They are all somewhat different, in a family of potential candidates, depending on the system you use and the features you are interested in.
Cepstra play on anagrams related to standard Fourier terms: quefrency alanysis, liftering, cepstrum, saphe (for the phase) etc. Not surprisingly, one can find some mixing in cepstrum definitions. You can think of it as a spectrum of a spectrum, scrambled.
The original cepstrum was a squared magnitude of the inverse Fourier transform of the logarithm of the squared magnitude of the Fourier transform of a signal (Bogert et al. 1963). But people have developed generalized versions (related to homomorphic systems). This is where the apparent inconsistency arises.
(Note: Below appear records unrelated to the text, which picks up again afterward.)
(* Let $\mathfrak{T}:\Omega\to\mathcal{LP}$ be the map $\omega\mapsto\mathsf{E}_\omega$. Then the pushforward map $\mathfrak{T}_*:\mathcal{M}_p(\Omega)\to\mathcal{M}_p(\mathcal{LP})$, $\nu\mapsto\nu(\mathfrak{T}^{-1}(\cdot))$, is well-defined and is a bijection.
   Context: $\Omega$ is the set of $\omega=(\alpha^+,\alpha^-,\gamma_1,\gamma_2)$ with $\alpha^\pm=(\alpha_1^\pm\ge\alpha_2^\pm\ge\dots\ge0)$, $\sum_i(\alpha_i^+)^2+\sum_i(\alpha_i^-)^2<\infty$, $\gamma_1\in\mathbb{R}$, $\gamma_2\ge0$; it is topologised by coordinate-wise convergence of $(\alpha^+,\alpha^-,\gamma_1,\delta)$ with $\delta=\gamma_2+\sum_i(\alpha_i^+)^2+\sum_i(\alpha_i^-)^2$. For $\omega\in\Omega$, $\mathsf{E}_\omega(z)=e^{-\gamma_1 z-\frac{\gamma_2}{2}z^2}\prod_{i}e^{z\alpha_i^+}(1-z\alpha_i^+)\prod_{i}e^{-z\alpha_i^-}(1+z\alpha_i^-)$; $\mathcal{LP}=\{\mathsf{E}_\omega:\omega\in\Omega\}$ with the topology of uniform convergence on compact subsets of $\mathbb{C}$. For a topological space $\mathfrak{X}$, $\mathcal{M}_p(\mathfrak{X})$ is the set of Borel probability measures on $\mathfrak{X}$. *)

theory Defs
  imports "HOL-Analysis.Analysis" "HOL-Probability.Probability"
begin

text \<open>A point omega = (alpha+, alpha-, gamma1, gamma2); sequences indexed from 0.\<close>
type_synonym omega = "(nat \<Rightarrow> real) \<times> (nat \<Rightarrow> real) \<times> real \<times> real"

definition Omega :: "omega set" where
  "Omega = {(ap, am, g1, g2).
      antimono ap \<and> (\<forall>i. ap i \<ge> 0) \<and> antimono am \<and> (\<forall>i. am i \<ge> 0) \<and>
      summable (\<lambda>i. (ap i)\<^sup>2) \<and> summable (\<lambda>i. (am i)\<^sup>2) \<and> g2 \<ge> 0}"

definition delta :: "omega \<Rightarrow> real" where
  "delta \<omega> = (case \<omega> of (ap, am, g1, g2) \<Rightarrow>
      g2 + (\<Sum>i. (ap i)\<^sup>2) + (\<Sum>i. (am i)\<^sup>2))"

text \<open>Embedding omega |-> (alpha+, alpha-, gamma1, delta); the product type carries
  the product topology (coordinatewise convergence).\<close>
definition Omega_coords :: "omega \<Rightarrow> (nat \<Rightarrow> real) \<times> (nat \<Rightarrow> real) \<times> real \<times> real" where
  "Omega_coords \<omega> = (case \<omega> of (ap, am, g1, g2) \<Rightarrow> (ap, am, g1, delta \<omega>))"
lemma hole_length_ge_10:
  assumes "almost_bipartite_permutation V E" and "is_hole V E c m"
  shows "10 \<le> m"
proof -
  have "contains_induced V E m (cycle_graph m)" "5 \<le> m"
    using assms(2) unfolding is_hole_def contains_induced_def by blast+
  with assms(1) show ?thesis unfolding almost_bipartite_permutation_def by force
qed

lemma nested_nbhds_near_induced_path:
  fixes y :: "int \<Rightarrow> 'a" and A B :: "int \<Rightarrow> 'a set"
  assumes G: "simple_graph V E" and no_K3: "\<not> contains_induced V E 3 K3"
    and no_C6: "\<not> contains_induced V E 6 (cycle_graph 6)"
    and no_X2: "\<not> contains_induced V E 7 X2" and no_X3: "\<not> contains_induced V E 7 X3"
    and path: "\<And>k l. \<bar>k\<bar> \<le> 3 \<Longrightarrow> \<bar>l\<bar> \<le> 3 \<Longrightarrow> E (y k) (y l) \<longleftrightarrow> \<bar>k - l\<bar> = 1"
    and A: "\<And>v j k. v \<in> A j \<Longrightarrow> \<bar>j\<bar> \<le> 3 \<Longrightarrow> \<bar>k\<bar> \<le> 3 \<Longrightarrow> E v (y k) \<longleftrightarrow> \<bar>k - j\<bar> = 1"
    and B: "\<And>v j k. v \<in> B j \<Longrightarrow> \<bar>j\<bar> \<le> 3 \<Longrightarrow> \<bar>k\<bar> \<le> 3 \<Longrightarrow> E v (y k) \<longleftrightarrow> k = j"
  shows "(\<forall>w \<in> B (-2) \<union> A (-1). \<forall>w' \<in> B (-2) \<union> A (-1).
            nbhd E w \<inter> A 0 \<subseteq> nbhd E w' \<inter> A 0 \<or> nbhd E w' \<inter> A 0 \<subseteq> nbhd E w \<inter> A 0)
       \<and> (\<forall>w \<in> B (-2). \<forall>w' \<in> A (-1). nbhd E w \<inter> A 0 \<subseteq> nbhd E w' \<inter> A 0)
       \<and> (\<forall>u \<in> A (-2) \<union> B (-1). \<forall>u' \<in> A (-2) \<union> B (-1).
            nbhd E u \<inter> B 0 \<subseteq> nbhd E u' \<inter> B 0 \<or> nbhd E u' \<inter> B 0 \<subseteq> nbhd E u \<inter> B 0)
       \<and> (\<forall>u \<in> A (-2). \<forall>u' \<in> B (-1). nbhd E u \<inter> B 0 \<subseteq> nbhd E u' \<inter> B 0)"
proof (intro conjI)
  note sym = simple_graph_sym[OF G]
  have A': "E (y k) v \<longleftrightarrow> \<bar>k - j\<bar> = 1" if "v \<in> A j" "\<bar>j\<bar> \<le> 3" "\<bar>k\<bar> \<le> 3" for v j k
    using A[OF that] sym by blast
  have B': "E (y k) v \<longleftrightarrow> k = j" if "v \<in> B j" "\<bar>j\<bar> \<le> 3" "\<bar>k\<bar> \<le> 3" for v j k
    using B[OF that] sym by blast
  have W: "B (-2) \<union> A (-1) \<subseteq> nbhd E (y (-2)) - nbhd E (y 1)"
    by (auto simp: nbhd_def A' B')
  have A0: "A 0 \<subseteq> nbhd E (y 1) - nbhd E (y (-2))"
    by (auto simp: nbhd_def A')
  have U: "A (-2) \<union> B (-1) \<subseteq> nbhd E (y (-1)) - nbhd E (y (-2))"
    by (auto simp: nbhd_def A' B')
  have B0: "B 0 \<subseteq> nbhd E (y 0) - nbhd E (y (-2))" "B 0 \<subseteq> nbhd E (y 0) - nbhd E (y (-3))"
    by (auto simp: nbhd_def B')
  have "\<not> E (y (-2)) (y 1)" "E (y (-1)) (y 0)" "E (y (-1)) (y (-2))" using path by simp_all
  show "\<forall>w \<in> B (-2) \<union> A (-1). \<forall>w' \<in> B (-2) \<union> A (-1).
      nbhd E w \<inter> A 0 \<subseteq> nbhd E w' \<inter> A 0 \<or> nbhd E w' \<inter> A 0 \<subseteq> nbhd E w \<inter> A 0"
    using nested_nbhds_no_C6[OF G no_K3 no_C6 \<open>\<not> E (y (-2)) (y 1)\<close> _ _ A0] W by blast
  have y0: "y 0 \<in> nbhd E (y 1) - nbhd E (y (-2))" using path sym by (simp add: nbhd_def)
  show "\<forall>w \<in> B (-2). \<forall>w' \<in> A (-1). nbhd E w \<inter> A 0 \<subseteq> nbhd E w' \<inter> A 0"
  proof (intro ballI)
    fix w w' assume w: "w \<in> B (-2)" and w': "w' \<in> A (-1)"
    have "E w' (y 0)" "\<not> E w (y 0)" using A[OF w'] B[OF w] by simp_all
    with w w' W show "nbhd E w \<inter> A 0 \<subseteq> nbhd E w' \<inter> A 0"
      using nbhd_subset_no_C6[OF G no_K3 no_C6 \<open>\<not> E (y (-2)) (y 1)\<close> _ _ A0 y0] by blast
  qed
  show "\<forall>u \<in> A (-2) \<union> B (-1). \<forall>u' \<in> A (-2) \<union> B (-1).
      nbhd E u \<inter> B 0 \<subseteq> nbhd E u' \<inter> B 0 \<or> nbhd E u' \<inter> B 0 \<subseteq> nbhd E u \<inter> B 0"
    using nested_nbhds_no_X3[OF G no_K3 no_X3 \<open>E (y (-1)) (y 0)\<close> \<open>E (y (-1)) (y (-2))\<close>
        _ _ B0(1)] U by blast
  show "\<forall>u \<in> A (-2). \<forall>u' \<in> B (-1). nbhd E u \<inter> B 0 \<subseteq> nbhd E u' \<inter> B 0"
  proof (intro ballI)
    fix u u' assume "u \<in> A (-2)" "u' \<in> B (-1)"
    then show "nbhd E u \<inter> B 0 \<subseteq> nbhd E u' \<inter> B 0"
      using nbhd_subset_no_X2[OF G no_K3 no_X2, of "y (-1)" "y 0" "y 1" u "y (-3)" u' "B 0"] B0(2)
      by (simp add: path A A' B B')
  qed
qed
From a very mundane point of view, take a transformation $F$ (often orthogonal) that gives you some kind of spectrum. Separate (or not) a phase component ($\angle\left( F\left( x\right)\right)$, which could be the sign, some official phase or a mere constant) and an amplitude component $|F\left( x\right)|$. Put an exponent $p$ to the latter, add a little constant $k$ to it to avoid it from vanishing. Pour everything in a companding function $L$: the $\log$, or even a Box-Cox transform: $(x^\lambda-1)/\lambda$. Now, transform the result with $F^*$, which can either be $F$ or its inverse $F^{-1}$:
$$F^*\left(\angle\left( F\left( x\right)\right).L\left(k+ |F\left( x\right)|^p\right)\right)\,.$$
Now you can look at the absolute value of this, or a power again, or some inverse of the function $L$.
The key features are:
- what is a meaningful frequency information for you or your system? If your system natively uses a DCT, then it is natural to compute a spectrum in a DCT domain.
- computations: indeed, a few orthogonal transforms have been used for cepstra: sine, cosine, or Hadamard, which can be quite fast.
- features looked at: from basic to invertible.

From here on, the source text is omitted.